What the Medicaid flexibility fight is really about

Mississippi Gov. Haley Barbour has been a key player in pushing for more Medicaid flexibility.
(ROGELIO V. SOLIS)
Mississippi Gov. Haley Barbour came to Washington yesterday to discuss the Republican Governors Association new paper on Medicaid reform. The paper includes 31 policy proposals for reforming the program, which you can read here.
The policy proposals are not groundbreaking. Some have been proposed before; some exist in the Medicaid program already (I’ll get to that in a minute). Rather, the sense that I got from an hour-long briefing with Barbour is that the Medicaid debate isn’t much of a debate about Medicaid policy at all. It’s a debate over Medicaid process.
Barbour readily admitted that a number of the changes they suggest are doable right now if states get “federal permission to do them.” Take Solution #9 from the Republican Governors Association: “Allow states to invest in alternative programs that reduce hospital emergency visits and other community-based programs to reduce hospitalizations.” A list of how states are already doing this is available here.
There’s also Solution #21: “Provide states the option of rewarding individuals who participate in health promotion or disease prevention activities.” That’s happening, too: HHS recently finished taking applications for a new Medicaid Incentives for Prevention of Chronic Diseases pilot program.
Solution #27: “Engage in shared savings arrangements for dual eligible members when the state can demonstrate the Medicare program reduced costs as a result of an action by a state Medicaid program.” A demonstration project in North Carolina is doing just this.
Even one of the most contentious parts of health reform comes with at least some amount of flexibility. The reform law’s maintenance of effort provision bars states from cutting back their Medicaid population in advance of the program’s expansion in 2014. It also has a waiver provision, which allows states to pursue an exemption if facing a budget deficit. Both Arizona and Kansas have applied, with Arizona getting a sign-off on the changes that Gov. Jan Brewer wanted to make.

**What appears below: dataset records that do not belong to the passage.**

lemma convex_risk_pval:
  assumes A_eq: "\<forall>G\<in>W0 Om T. \<forall>y. AUG Om T Qs S U G y = AG Om T Qs S G y"
    and U_util: "random_utility Om T U"
    and S_meas: "\<forall>t\<in>{0..T}. S t \<in> borel_measurable (univ (OmP Om t))"
    and X: "X \<subseteq> W0 Om T"
  shows "convex_risk (QT Om T Qs) X (\<lambda>G. pval Om T Qs S U (\<lambda>w. - G w) x)"
  unfolding convex_risk_def
proof (intro conjI ballI impI monetary_risk_pval[OF A_eq U_util X])
  fix G H l
  assume GHK: "G \<in> X" "H \<in> X" "(\<lambda>w. ereal l * G w + ereal (1 - l) * H w) \<in> X"
    and "l \<in> {0..1::real}"
  then consider "l = 0" | "l = 1" | "0 < l" "l < 1" by fastforce
  then show "pval Om T Qs S U (\<lambda>w. - (ereal l * G w + ereal (1 - l) * H w)) x
    \<le> ereal l * pval Om T Qs S U (\<lambda>w. - G w) x + ereal (1 - l) * pval Om T Qs S U (\<lambda>w. - H w) x"
  proof cases
    case 3
    then show ?thesis using GHK X by (intro pval_convex[OF A_eq U_util S_meas]) auto
  qed (simp_all add: zero_ereal_def[symmetric] one_ereal_def[symmetric])
qed

lemma pval_zero_eq_0:
  assumes "\<forall>\<delta>>0. uval Om T Qs S U (\<lambda>_. 0) (x - \<delta>) < uval Om T Qs S U (\<lambda>_. 0) x"
  shows "pval Om T Qs S U (\<lambda>_. 0) x = 0"
proof -
  let ?A = "{z. uval Om T Qs S U (\<lambda>_. 0) x \<le> uval Om T Qs S U (\<lambda>_. 0) (x + z)}"
  have "z \<ge> 0" if "z \<in> ?A" for z
    using that assms[rule_format, of "- z"] by (cases "z < 0") auto
  moreover have "0 \<in> ?A" by simp
  ultimately have "Inf (ereal ` ?A) = 0"
    by (intro antisym Inf_greatest) (auto intro: Inf_lower2[of 0] simp: zero_ereal_def)
  then show ?thesis by (simp add: pval_def)
qed

text \<open>Only the hypotheses on \<open>S\<close>, \<open>U\<close> and \<open>\<A>(U,G,x) = \<A>(G,x)\<close> are used: convexity and
  normalisation hold without no-arbitrage, Borel measurability of \<open>S\<close> or finiteness of
  \<open>u(0,x)\<close>.\<close>

theorem proposition2p17:
  fixes Om :: "nat \<Rightarrow> 'a::polish_space set"
    and T :: nat
    and Qs :: "nat \<Rightarrow> (nat \<Rightarrow> 'a) \<Rightarrow> 'a measure set"
    and S :: "nat \<Rightarrow> (nat \<Rightarrow> 'a) \<Rightarrow> 'd::euclidean_space"
    and U :: "(nat \<Rightarrow> 'a) \<Rightarrow> real \<Rightarrow> real"
    and x :: real
  assumes T1: "T \<ge> 1"
    and Om_closed: "\<forall>t\<in>{1..T}. closed (Om t)"
    and Qs_probs: "\<forall>t\<in>{1..T}. \<forall>w\<in>space (OmP Om (t - 1)). Qs t w \<subseteq> probs (OmS Om t)"
    and S_meas: "\<forall>t\<in>{0..T}. S t \<in> borel_measurable (univ (OmP Om t))"
    and U_util: "random_utility Om T U"
    and x_nonneg: "x \<ge> 0"
    and A_eq: "\<forall>G\<in>W0 Om T. AUG Om T Qs S U G x = AG Om T Qs S G x"
  shows "monetary_risk (QT Om T Qs) (W0 Om T) (\<lambda>G. pval Om T Qs S U (\<lambda>w. - G w) x)
    \<and> ((\<forall>t\<in>{0..T}. S t \<in> borel_measurable (OmP Om t)) \<and> NA Om T Qs S
         \<and> uval Om T Qs S U (\<lambda>_. 0) x > -\<infinity>
       \<longrightarrow> convex_risk (QT Om T Qs)
             {G\<in>W0 Om T. \<forall>z::real. uval Om T Qs S U (\<lambda>w. - G w) z < \<infinity>}
             (\<lambda>G. pval Om T Qs S U (\<lambda>w. - G w) x))
    \<and> ((\<forall>t\<in>{0..T}. S t \<in> borel_measurable (OmP Om t)) \<and> NA Om T Qs S
         \<and> uval Om T Qs S U (\<lambda>_. 0) x > -\<infinity>
         \<and> (\<forall>\<delta>>0. uval Om T Qs S U (\<lambda>_. 0) (x - \<delta>) < uval Om T Qs S U (\<lambda>_. 0) x)
       \<longrightarrow> pval Om T Qs S U (\<lambda>w. - (\<lambda>_. 0) w) x = 0)"
proof -
  have A_eq_all: "\<forall>G\<in>W0 Om T. \<forall>y. AUG Om T Qs S U G y = AG Om T Qs S G y"
    by (rule AUG_eq_AG_all_capitals[OF A_eq])
  have "monetary_risk (QT Om T Qs) (W0 Om T) (\<lambda>G. pval Om T Qs S U (\<lambda>w. - G w) x)"
    by (rule monetary_risk_pval[OF A_eq_all U_util]) simp
  moreover have "convex_risk (QT Om T Qs) {G\<in>W0 Om T. \<forall>z::real. uval Om T Qs S U (\<lambda>w. - G w) z < \<infinity>}
      (\<lambda>G. pval Om T Qs S U (\<lambda>w. - G w) x)"
    by (rule convex_risk_pval[OF A_eq_all U_util S_meas]) auto
  moreover have "pval Om T Qs S U (\<lambda>w. - (\<lambda>_. 0) w) x = 0"
    if "\<forall>\<delta>>0. uval Om T Qs S U (\<lambda>_. 0) (x - \<delta>) < uval Om T Qs S U (\<lambda>_. 0) x"
    using pval_zero_eq_0[OF that] by simp
  ultimately show ?thesis by blast
qed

A lot of what Republican governors want to do, they can do and have done. What’s vexing, however, is that the federal government must sign off on nearly all of these kinds of changes. Sometimes, the federal government says no and with little explanation.

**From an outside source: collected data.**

(* Let $r\ge 1$, $N\ge 1$ and $n\ge 1$ be integers, and for an integer $e\ge 0$ let $$M_r(e)=\sum_{\substack{i_1+\cdots+i_r=e\\ i_1,\dots,i_r\ge 0}}\frac{(N!)^r}{(N+i_1)!\cdots(N+i_r)!}.$$ Then $$B_{N,n}^{(r)}=(-1)^n\,n!\,\det\big(c_{ij}\big)_{1\le i,j\le n},$$ where $c_{ij}=M_r(i-j+1)$ if $j\le i$, $c_{ij}=1$ if $j=i+1$, and $c_{ij}=0$ if $j>i+1$.
   Context: For positive integers $N$ and $r$, the higher order hypergeometric Bernoulli numbers $B^{(r)}_{N,n}$ ($n\ge0$) are defined by $$\left(\frac{x^N/N!}{e^x-\sum_{n=0}^{N-1}x^n/n!}\right)^r=\sum_{n=0}^\infty B_{N,n}^{(r)}\frac{x^n}{n!}.$$ *)

theory Defs
  imports "HOL-Computational_Algebra.Formal_Power_Series" "HOL-Library.FuncSet"
    "Jordan_Normal_Form.Determinant"
begin

text \<open>The generating function (x^N/N!) / (e^x - sum_{n<N} x^n/n!) as a formal power series
  over the reals (fps division handles the common factor x^N).\<close>
definition hgB_gen :: "nat \<Rightarrow> real fps" where
  "hgB_gen N = (fps_const (1 / fact N) * fps_X ^ N) /
     (fps_exp 1 - Abs_fps (\<lambda>k. if k < N then 1 / fact k else 0))"

definition hgB :: "nat \<Rightarrow> nat \<Rightarrow> nat \<Rightarrow> real" where
  "hgB r N n = fact n * fps_nth (hgB_gen N ^ r) n"

definition M :: "nat \<Rightarrow> nat \<Rightarrow> nat \<Rightarrow> real" where
  "M r N e = (\<Sum>i \<in> {i. i \<in> {..<r} \<rightarrow>\<^sub>E {..e} \<and> sum i {..<r} = e}.
      (fact N) ^ r / (\<Prod>k<r. fact (N + i k)))"

end

theory Submission
  imports Defs
begin

text \<open>The series \<open>x\<^sup>N/N! / (e\<^sup>x - \<Sum>n<N. x\<^sup>n/n!)\<close> has the explicit reciprocal
  \<open>\<Sum>k. N!/(N+k)! x\<^sup>k\<close>, whose \<open>r\<close>-th power has coefficients \<open>M\<^sub>r(e)\<close>. For any power
  series \<open>f\<close> with \<open>f * g = 1\<close> and \<open>g\<^sub>0 = 1\<close>, the coefficients \<open>f\<^sub>0, \<dots>, f\<^sub>n\<close> solve the
  unitriangular Toeplitz system of \<open>g\<close> with right-hand side the first unit vector, and
  Cramer's rule followed by a Laplace expansion along the replaced column expresses
  \<open>f\<^sub>n\<close> as \<open>(-1)\<^sup>n\<close> times a Hessenberg determinant in the coefficients of \<open>g\<close>.\<close>

definition weak_compositions :: "nat \<Rightarrow> nat \<Rightarrow> (nat \<Rightarrow> nat) set" where
  "weak_compositions r e = {i. i \<in> {..<r} \<rightarrow>\<^sub>E {..e} \<and> sum i {..<r} = e}"

lemma finite_weak_compositions: "finite (weak_compositions r e)"
  unfolding weak_compositions_def
  by (rule finite_subset[of _ "{..<r} \<rightarrow>\<^sub>E {..e}"]) (auto intro: finite_PiE)

lemma weak_compositions_0: "weak_compositions 0 e = (if e = 0 then {\<lambda>_. undefined} else {})"
  unfolding weak_compositions_def by auto

lemma bij_betw_weak_compositions_Suc:
  "bij_betw (\<lambda>(j, i). i(r := j)) (SIGMA j:{..e}. weak_compositions r (e - j))
     (weak_compositions (Suc r) e)"
proof (rule bij_betwI[where g = "\<lambda>i. (i r, i(r := undefined))"])
  show "(\<lambda>(j, i). i(r := j)) \<in> (SIGMA j:{..e}. weak_compositions r (e - j)) \<rightarrow> weak_compositions (Suc r) e"
  proof (clarsimp)
    fix j i assume j: "j \<le> e" and i: "i \<in> weak_compositions r (e - j)"
    have "sum (i(r := j)) {..<r} = sum i {..<r}" by (rule sum.cong) auto
    with i j show "i(r := j) \<in> weak_compositions (Suc r) e"
      unfolding weak_compositions_def
      by (auto simp: PiE_iff lessThan_Suc extensional_def) (metis diff_le_self le_trans lessThan_iff)
  qed
  show "(\<lambda>i. (i r, i(r := undefined))) \<in> weak_compositions (Suc r) e \<rightarrow> (SIGMA j:{..e}. weak_compositions r (e - j))"
  proof
    fix i assume i: "i \<in> weak_compositions (Suc r) e"
    have "sum (i(r := undefined)) {..<r} = sum i {..<r}" by (rule sum.cong) auto
    with i show "(i r, i(r := undefined)) \<in> (SIGMA j:{..e}. weak_compositions r (e - j))"
      unfolding weak_compositions_def by (auto simp: PiE_iff extensional_def) (intro member_le_sum; auto)
  qed
qed (auto simp: weak_compositions_def PiE_iff extensional_def fun_eq_iff)

lemma fps_nth_power_weak_compositions:
  fixes f :: "'a::comm_semiring_1 fps"
  shows "fps_nth (f ^ r) e = (\<Sum>i\<in>weak_compositions r e. \<Prod>k<r. fps_nth f (i k))"
proof (induction r arbitrary: e)
  case 0
  then show ?case by (simp add: weak_compositions_0)
next
  case (Suc r)
  have "fps_nth (f ^ Suc r) e = (\<Sum>j\<le>e. fps_nth f j * fps_nth (f ^ r) (e - j))"
    by (simp add: fps_mult_nth atLeast0AtMost)
  also have "\<dots> = (\<Sum>(j, i)\<in>(SIGMA j:{..e}. weak_compositions r (e - j)). fps_nth f j * (\<Prod>k<r. fps_nth f (i k)))"
    by (simp add: Suc.IH sum_distrib_left sum.Sigma finite_weak_compositions)
  also have "\<dots> = (\<Sum>(j, i)\<in>(SIGMA j:{..e}. weak_compositions r (e - j)). \<Prod>k<Suc r. fps_nth f ((i(r := j)) k))"
    by (intro sum.cong refl) (auto simp: mult.commute)
  also have "\<dots> = (\<Sum>i\<in>weak_compositions (Suc r) e. \<Prod>k<Suc r. fps_nth f (i k))"
    by (subst sum.reindex_bij_betw[OF bij_betw_weak_compositions_Suc, symmetric]) (simp add: split_def)
  finally show ?case .
qed

definition hgB_recip :: "nat \<Rightarrow> real fps" where
  "hgB_recip N = Abs_fps (\<lambda>k. fact N / fact (N + k))"

lemma hgB_gen_mult_recip: "hgB_gen N * hgB_recip N = 1"
proof -
  define H :: "real fps" where "H = Abs_fps (\<lambda>k. 1 / fact (N + k))"
  have denom: "fps_exp 1 - Abs_fps (\<lambda>k. if k < N then 1 / fact k else 0) = fps_X ^ N * H"
    by (rule fps_ext) (simp add: fps_X_power_mult_nth H_def)
  have H0: "fps_nth H 0 \<noteq> 0" by (simp add: H_def)
  have "hgB_gen N = (fps_X ^ N * fps_const (1 / fact N)) / (fps_X ^ N * H)"
    unfolding hgB_gen_def denom by (simp add: mult.commute)
  also have "\<dots> = fps_const (1 / fact N) / H"
    by (rule div_mult_mult1) simp
  also have "\<dots> = fps_const (1 / fact N) * inverse H"
    using H0 by (rule fps_divide_unit)
  finally have gen: "hgB_gen N = fps_const (1 / fact N) * inverse H" .
  have recip: "hgB_recip N = fps_const (fact N) * H"
    by (rule fps_ext) (simp add: hgB_recip_def H_def)
  have "hgB_gen N * hgB_recip N = fps_const (1 / fact N) * fps_const (fact N) * (inverse H * H)"
    unfolding gen recip by (simp add: algebra_simps)
  also have "\<dots> = 1"
    using H0 by (simp add: inverse_mult_eq_1)
  finally show ?thesis .
qed

lemma M_eq_fps_nth_hgB_recip_power: "M r N e = fps_nth (hgB_recip N ^ r) e"
  unfolding fps_nth_power_weak_compositions M_def weak_compositions_def[symmetric]
  by (simp add: hgB_recip_def prod_dividef)

definition lower_toeplitz_mat :: "(nat \<Rightarrow> 'a::zero) \<Rightarrow> nat \<Rightarrow> 'a mat" where
  "lower_toeplitz_mat a n = mat n n (\<lambda>(i, j). if j \<le> i then a (i - j) else 0)"

definition hessenberg_mat :: "(nat \<Rightarrow> 'a::{zero,one}) \<Rightarrow> nat \<Rightarrow> 'a mat" where
  "hessenberg_mat a n = mat n n (\<lambda>(i, j). if j \<le> i then a (i + 1 - j) else if j = i + 1 then 1 else 0)"

lemma lower_toeplitz_mat_carrier: "lower_toeplitz_mat a n \<in> carrier_mat n n"
  by (simp add: lower_toeplitz_mat_def)

lemma det_lower_toeplitz_mat:
  "det (lower_toeplitz_mat a n) = (a 0 :: 'a::comm_ring_1) ^ n"
  by (subst det_lower_triangular[OF _ lower_toeplitz_mat_carrier])
    (auto simp: lower_toeplitz_mat_def prod_list_diag_prod)

lemma lower_toeplitz_mat_mult_vec:
  "lower_toeplitz_mat a n *\<^sub>v vec n b = vec n (\<lambda>i. \<Sum>k\<le>i. a (i - k) * (b k :: 'a::comm_semiring_1))"
proof (rule eq_vecI)
  fix i assume "i < dim_vec (vec n (\<lambda>i. \<Sum>k\<le>i. a (i - k) * b k))"
  then have i: "i < n" by simp
  have "(lower_toeplitz_mat a n *\<^sub>v vec n b) $ i = (\<Sum>k<n. if k \<le> i then a (i - k) * b k else 0)"
    using i by (auto simp: lower_toeplitz_mat_def scalar_prod_def atLeast0LessThan intro!: sum.cong)
  also have "\<dots> = (\<Sum>k\<le>i. a (i - k) * b k)"
    using i by (intro sum.mono_neutral_cong_right) auto
  finally show "(lower_toeplitz_mat a n *\<^sub>v vec n b) $ i = vec n (\<lambda>i. \<Sum>k\<le>i. a (i - k) * b k) $ i"
    using i by simp
qed (simp add: lower_toeplitz_mat_def)

lemma det_lower_toeplitz_replace_last_col:
  fixes a :: "nat \<Rightarrow> 'a::comm_ring_1"
  assumes "a 0 = 1"
  shows "det (replace_col (lower_toeplitz_mat a (Suc n)) (unit_vec (Suc n) 0) n)
    = (-1) ^ n * det (hessenberg_mat a n)"
proof -
  let ?A = "replace_col (lower_toeplitz_mat a (Suc n)) (unit_vec (Suc n) 0) n"
  have A: "?A \<in> carrier_mat (Suc n) (Suc n)"
    by (simp add: replace_col_def lower_toeplitz_mat_def)
  have "det ?A = (\<Sum>i<Suc n. ?A $$ (i, n) * cofactor ?A i n)"
    by (rule laplace_expansion_column[OF A]) simp
  also have "\<dots> = cofactor ?A 0 n"
    by (subst sum.lessThan_Suc_shift) (simp add: replace_col_def lower_toeplitz_mat_def)
  also have "mat_delete ?A 0 n = hessenberg_mat a n"
    by (rule eq_matI)
      (auto simp: mat_delete_def replace_col_def lower_toeplitz_mat_def hessenberg_mat_def assms)
  then have "cofactor ?A 0 n = (-1) ^ n * det (hessenberg_mat a n)"
    by (simp add: cofactor_def)
  finally show ?thesis .
qed

lemma fps_nth_inverse_hessenberg:
  fixes f g :: "'a::comm_ring_1 fps"
  assumes fg: "f * g = 1" and g0: "fps_nth g 0 = 1"
  shows "fps_nth f n = (-1) ^ n * det (hessenberg_mat (fps_nth g) n)"
proof -
  let ?T = "lower_toeplitz_mat (fps_nth g) (Suc n)"
  have "fps_nth (f * g) i = (\<Sum>k\<le>i. fps_nth g (i - k) * fps_nth f k)" for i
    by (simp add: fps_mult_nth atLeast0AtMost mult.commute)
  then have system: "?T *\<^sub>v vec (Suc n) (fps_nth f) = unit_vec (Suc n) 0"
    by (auto simp: lower_toeplitz_mat_mult_vec fg unit_vec_def)
  have "fps_nth f n = fps_nth f n * det ?T"
    by (simp add: det_lower_toeplitz_mat g0)
  also have "\<dots> = det (replace_col ?T (?T *\<^sub>v vec (Suc n) (fps_nth f)) n)"
    by (subst cramer_lemma_mat[OF lower_toeplitz_mat_carrier]) auto
  also have "\<dots> = (-1) ^ n * det (hessenberg_mat (fps_nth g) n)"
    unfolding system by (rule det_lower_toeplitz_replace_last_col[of "fps_nth g", OF g0])
  finally show ?thesis .
qed

theorem theorem2:
  fixes r N n :: nat
  assumes "r \<ge> 1" and "N \<ge> 1" and "n \<ge> 1"
  shows "hgB r N n = (-1) ^ n * fact n *
    det (mat n n (\<lambda>(i, j). if j \<le> i then M r N (i + 1 - j)
                            else if j = i + 1 then 1 else 0))"
proof -
  have "hgB_gen N ^ r * hgB_recip N ^ r = 1"
    by (simp add: hgB_gen_mult_recip flip: power_mult_distrib)
  moreover have "fps_nth (hgB_recip N ^ r) 0 = 1"
    by (simp add: fps_nth_power_0 hgB_recip_def)
  ultimately have "fps_nth (hgB_gen N ^ r) n
      = (-1) ^ n * det (hessenberg_mat (fps_nth (hgB_recip N ^ r)) n)"
    by (rule fps_nth_inverse_hessenberg)
  then show ?thesis
    unfolding hgB_def hessenberg_mat_def M_eq_fps_nth_hgB_recip_power by simp
qed

end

Louisiana’s Health and Hospitals Department director Bruce Greenstein vented yesterday that “States are forced to go through a process which is time-consuming, and subject to a degree of arbitrariness. It’s uncertain. That’s one of the fatal flaws of the Medicaid program today.”
This gripe with waivers is a bipartisan one: The National Governor’s Association recently called “delays of months and even years in the approval of state plans ... unacceptable.” Forbes’ Avik Roy recently pointed to a particularly vexing situation in Illinois, which hasn’t been able to implement some pretty simple and common-sense changes.

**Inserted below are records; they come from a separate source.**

(* Let $(K,v)$ be an extremal valued field with value group $\Gamma$. Then $\Gamma$ is divisible or a $\mathbb{Z}$-group.
   Context: $(K,v)$ with valuation ring $\mathcal{O}_v$ and value group $\Gamma$ (and $v(0)=\infty$) is extremal if for every $n\ge1$ and every $F\in K[X_1,\dots,X_n]$ the set $\{v(F(a_1,\dots,a_n)) : a_i\in\mathcal{O}_v\}\subseteq\Gamma\cup\{\infty\}$ has a maximal element. An ordered abelian group is regular if for every $n\ge1$ every open interval containing at least $n$ elements contains an $n$-divisible element; a $\mathbb{Z}$-group is a regular ordered abelian group with a smallest positive element. *)

theory Defs
  imports Main
begin

text \<open>A (Krull) valuation on a field 'k with value group the whole ordered abelian
group 'g. The value v 0 is irrelevant (junk); v(0) = \<infinity> is treated
explicitly via vext below.\<close>
definition valuation :: "('k::field \<Rightarrow> 'g::linordered_ab_group_add) \<Rightarrow> bool" where
  "valuation v \<longleftrightarrow>
     (\<forall>x y. x \<noteq> 0 \<longrightarrow> y \<noteq> 0 \<longrightarrow> v (x * y) = v x + v y) \<and>
     (\<forall>x y. x \<noteq> 0 \<longrightarrow> y \<noteq> 0 \<longrightarrow> x + y \<noteq> 0 \<longrightarrow> min (v x) (v y) \<le> v (x + y)) \<and>
     v ` {x. x \<noteq> 0} = UNIV"

definition val_ring :: "('k::field \<Rightarrow> 'g::linordered_ab_group_add) \<Rightarrow> 'k set" where
  "val_ring v = {x. x = 0 \<or> 0 \<le> v x}"

text \<open>Extended valuation into Gamma \<union> {\<infinity>}: None represents \<infinity>.\<close>
definition vext :: "('k::field \<Rightarrow> 'g) \<Rightarrow> 'k \<Rightarrow> 'g option" where
  "vext v x = (if x = 0 then None else Some (v x))"

definition ext_le :: "'g::linorder option \<Rightarrow> 'g option \<Rightarrow> bool" where
  "ext_le x y = (case y of None \<Rightarrow> True
                 | Some b \<Rightarrow> (case x of None \<Rightarrow> False | Some a \<Rightarrow> a \<le> b))"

When I asked Barbour to give me an example of how the waiver process was broken, he pointed to a care coordination project his state was working on. Mississippi asked for a waiver more than a year before it would go into effect. A few months later, they learned that it would be approved — but then, later down the line, found out the payment structure they proposed didn’t get the blessing. Ultimately, though, “it got worked out,” Barbour said. Mississippi has since moved forward with the project.
The point, he says, is that “We should not have to come to Washington on bended knee and kowtow for waivers to do these kinds of things.”
But it’s hard to say that the Obama administration has stonewalled state efforts to shape their Medicaid programs. Of the 458 Medicaid waivers currently in operation, 350 of them were either created or modified within the past two years. The Government Accountability Office has actually argued, in repeated reports, that the federal government does not scrutinize closely enough the Medicaid waiver requests it receives. Many of those waivers, while not a total solution for Republican governors, have gotten them slightly closer to the Medicaid program they’d like to see.